▶ [Records provided]:
(* Let $(A,\mathit{Con},\mid\!\sim)$ be an abstract nonmonotonic system. Then there is a normal default structure $(B,\mathit{Con}^*,\Delta)$ (with trivial entailment) such that: (1) $B\supseteq A$; (2) for every $X\subseteq B$, $X\in\mathit{Con}$ if and only if $X\subseteq A$ and $X\in\mathit{Con}^*$; (3) for all $X,Y\in\mathit{Con}$, $X\mid\!\sim Y$ if and only if $X\mid\!\sim_B Y$, where $\mid\!\sim_B$ is the skeptical nonmonotonic consequence relation of $(B,\mathit{Con}^*,\Delta)$.
   Context: An abstract nonmonotonic system is a triple $(A,\mathit{Con},\mid\!\sim)$ where $\mathit{Con}$ is a collection of finite subsets of $A$ and $\mid\!\sim\ \subseteq\mathit{Con}\times\mathit{Con}$, satisfying: (1) $X\subseteq Y\in\mathit{Con}\Rightarrow X\in\mathit{Con}$; (2) $a\in A\Rightarrow\{a\}\in\mathit{Con}$; (3) $X\mid\!\sim T\Rightarrow X\cup T\in\mathit{Con}$; (4) $Y\subseteq X\Rightarrow X\mid\!\sim Y$; (5) $X\mid\!\sim T$ and $T\cup X\mid\!\sim Y$ imply $X\mid\!\sim Y$; (6) $X\mid\!\sim Y$ and $X\mid\!\sim Z$ imply $X\mid\!\sim Y\cup Z$. A normal default structure (with trivial entailment) is a triple $(B,\mathit{Con}^*,\Delta)$ where $B$ is a set of tokens; $\mathit{Con}^*$ is a set of finite subsets of $B$ with $\emptyset\in\mathit{Con}^*$, closed under subsets, and containing $\{b\}$ for each $b\in B$; an arbitrary subset of $B$ is consistent if all its finite subsets are in $\mathit{Con}^*$; $\Delta$ is a set of normal defaults $\frac{X:a}{a}$ with $X\in\mathit{Con}^*$ and $a\in B$. For consistent $x\subseteq B$ and $S\subseteq B$: $\phi(x,S,0)=x$, $\phi(x,S,i+1)=\phi(x,S,i)\cup\{a\mid\frac{X:a}{a}\in\Delta,\ X\subseteq\phi(x,S,i),\ \{a\}\cup S \text{ consistent}\}$, $\Phi(x,S)=\bigcup_i\phi(x,S,i)$; $y$ is an extension of $x$ if $\Phi(x,y)=y$. The skeptical relation: for $X\in\mathit{Con}^*$ and finite $Y\subseteq B$, $X\mid\!\sim_B Y$ iff every element of $Y$ belongs to every extension of $X$. *)

theory Defs
  imports Main
begin

definition ans_system :: "'a set \<Rightarrow> 'a set set \<Rightarrow> ('a set \<Rightarrow> 'a set \<Rightarrow> bool) \<Rightarrow> bool" where
  "ans_system A Con rel \<longleftrightarrow>
     (\<forall>X\<in>Con. finite X \<and> X \<subseteq> A) \<and>
     (\<forall>X Y. rel X Y \<longrightarrow> X \<in> Con \<and> Y \<in> Con) \<and>
     (\<forall>X Y. X \<subseteq> Y \<and> Y \<in> Con \<longrightarrow> X \<in> Con) \<and>
     (\<forall>a\<in>A. {a} \<in> Con) \<and>
     (\<forall>X T. rel X T \<longrightarrow> X \<union> T \<in> Con) \<and>
     (\<forall>X Y. X \<in> Con \<and> Y \<subseteq> X \<longrightarrow> rel X Y) \<and>
     (\<forall>X T Y. rel X T \<and> rel (T \<union> X) Y \<longrightarrow> rel X Y) \<and>
     (\<forall>X Y Z. rel X Y \<and> rel X Z \<longrightarrow> rel X (Y \<union> Z))"

text \<open>Normal default structure (B, ConS, Delta); a default X:a/a is the pair (X, a).\<close>
definition normal_default_structure :: "'b set \<Rightarrow> 'b set set \<Rightarrow> ('b set \<times> 'b) set \<Rightarrow> bool" where
  "normal_default_structure B ConS Delta \<longleftrightarrow>
     {} \<in> ConS \<and>
     (\<forall>X\<in>ConS. finite X \<and> X \<subseteq> B) \<and>
     (\<forall>X Y. X \<subseteq> Y \<and> Y \<in> ConS \<longrightarrow> X \<in> ConS) \<and>
     (\<forall>b\<in>B. {b} \<in> ConS) \<and>
     (\<forall>(X, a)\<in>Delta. X \<in> ConS \<and> a \<in> B)"

definition consistent :: "'b set \<Rightarrow> 'b set set \<Rightarrow> 'b set \<Rightarrow> bool" where
  "consistent B ConS x \<longleftrightarrow> x \<subseteq> B \<and> (\<forall>F. finite F \<and> F \<subseteq> x \<longrightarrow> F \<in> ConS)"

fun phi :: "'b set \<Rightarrow> 'b set set \<Rightarrow> ('b set \<times> 'b) set \<Rightarrow> 'b set \<Rightarrow> 'b set \<Rightarrow> nat \<Rightarrow> 'b set" where
  "phi B ConS Delta x S 0 = x"
| "phi B ConS Delta x S (Suc i) = phi B ConS Delta x S i \<union>
     {a. \<exists>X. (X, a) \<in> Delta \<and> X \<subseteq> phi B ConS Delta x S i \<and> consistent B ConS ({a} \<union> S)}"

definition Phi :: "'b set \<Rightarrow> 'b set set \<Rightarrow> ('b set \<times> 'b) set \<Rightarrow> 'b set \<Rightarrow> 'b set \<Rightarrow> 'b set" where
  "Phi B ConS Delta x S = (\<Union>i. phi B ConS Delta x S i)"

definition extension :: "'b set \<Rightarrow> 'b set set \<Rightarrow> ('b set \<times> 'b) set \<Rightarrow> 'b set \<Rightarrow> 'b set \<Rightarrow> bool" where
  "extension B ConS Delta x y \<longleftrightarrow> consistent B ConS x \<and> Phi B ConS Delta x y = y"

definition skeptical :: "'b set \<Rightarrow> 'b set set \<Rightarrow> ('b set \<times> 'b) set \<Rightarrow> 'b set \<Rightarrow> 'b set \<Rightarrow> bool" where
  "skeptical B ConS Delta X Y \<longleftrightarrow> X \<in> ConS \<and> finite Y \<and> Y \<subseteq> B \<and>
     (\<forall>y. extension B ConS Delta X y \<longrightarrow> Y \<subseteq> y)"

end

theory Submission
  imports Defs
begin

(*
  Every premise set Z \<in> Con gets a fresh token, token Z, read as "the default reasoning has
  adopted Z as its premises". The defaults are Z : token Z and token Z : a for each a in
  Cn Z, the union of all Y with Z |~ Y. A set is consistent when its A-part is consistent in
  Con and, if it carries token Z, all its other elements lie in Cn Z; so it carries at most
  one token.

  An extension y of X must fire some token Z with Z \<subseteq> X (otherwise y = X, and then the
  default X : token X would fire), and consistency of y gives X \<subseteq> Cn Z, i.e. Z |~ X. By cut,
  Cn X \<subseteq> Cn Z, and the defaults token Z : a put all of Cn X into y. Conversely, Cn X
  together with token X is an extension of X. Hence the skeptical consequences of X are the
  finite subsets of Cn X, which by reflexivity, cut and conjunction are the Y with X |~ Y.
*)

lemma consistent_subset:
  "consistent B ConS S \<Longrightarrow> T \<subseteq> S \<Longrightarrow> consistent B ConS T"
  unfolding consistent_def by blast

lemma phi_mono: "i \<le> j \<Longrightarrow> phi B ConS Delta x S i \<subseteq> phi B ConS Delta x S j"
  by (induction j) (auto simp: le_Suc_eq)

lemma subset_Phi: "x \<subseteq> Phi B ConS Delta x S"
  unfolding Phi_def by (metis UNIV_I UN_upper phi.simps(1))

lemma finite_subset_Phi_imp_subset_phi:
  "finite P \<Longrightarrow> P \<subseteq> Phi B ConS Delta x S \<Longrightarrow> \<exists>i. P \<subseteq> phi B ConS Delta x S i"
proof (induction P rule: finite_induct)
  case (insert a P)
  then obtain i j where "a \<in> phi B ConS Delta x S i" "P \<subseteq> phi B ConS Delta x S j"
    by (auto simp: Phi_def)
  moreover have "phi B ConS Delta x S i \<subseteq> phi B ConS Delta x S (max i j)"
    and "phi B ConS Delta x S j \<subseteq> phi B ConS Delta x S (max i j)"
    by (simp_all add: phi_mono)
  ultimately show ?case
    by blast
qed simp

lemma Phi_closed:
  assumes "(P, a) \<in> Delta" "finite P" "P \<subseteq> Phi B ConS Delta x S"
    and "consistent B ConS ({a} \<union> S)"
  shows "a \<in> Phi B ConS Delta x S"
proof -
  obtain i where "P \<subseteq> phi B ConS Delta x S i"
    using finite_subset_Phi_imp_subset_phi assms(2,3) by blast
  then have "a \<in> phi B ConS Delta x S (Suc i)"
    using assms(1,4) by auto
  then show ?thesis
    unfolding Phi_def by blast
qed

lemma Phi_least:
  assumes "x \<subseteq> T"
    and "\<And>P a. (P, a) \<in> Delta \<Longrightarrow> P \<subseteq> T \<Longrightarrow> consistent B ConS ({a} \<union> S) \<Longrightarrow> a \<in> T"
  shows "Phi B ConS Delta x S \<subseteq> T"
proof -
  have "phi B ConS Delta x S i \<subseteq> T" for i
  proof (induction i)
    case 0
    show ?case using assms(1) by simp
  next
    case (Suc i)
    then show ?case using assms(2) by (auto dest: subset_trans)
  qed
  then show ?thesis
    unfolding Phi_def by blast
qed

▶ [Task directions]: Copy out each line of the records where the string "auto" appears.

▶ [Task solution]:
  by (induction j) (auto simp: le_Suc_eq)
    by (auto simp: Phi_def)
    using assms(1,4) by auto
    then show ?case using assms(2) by (auto dest: subset_trans)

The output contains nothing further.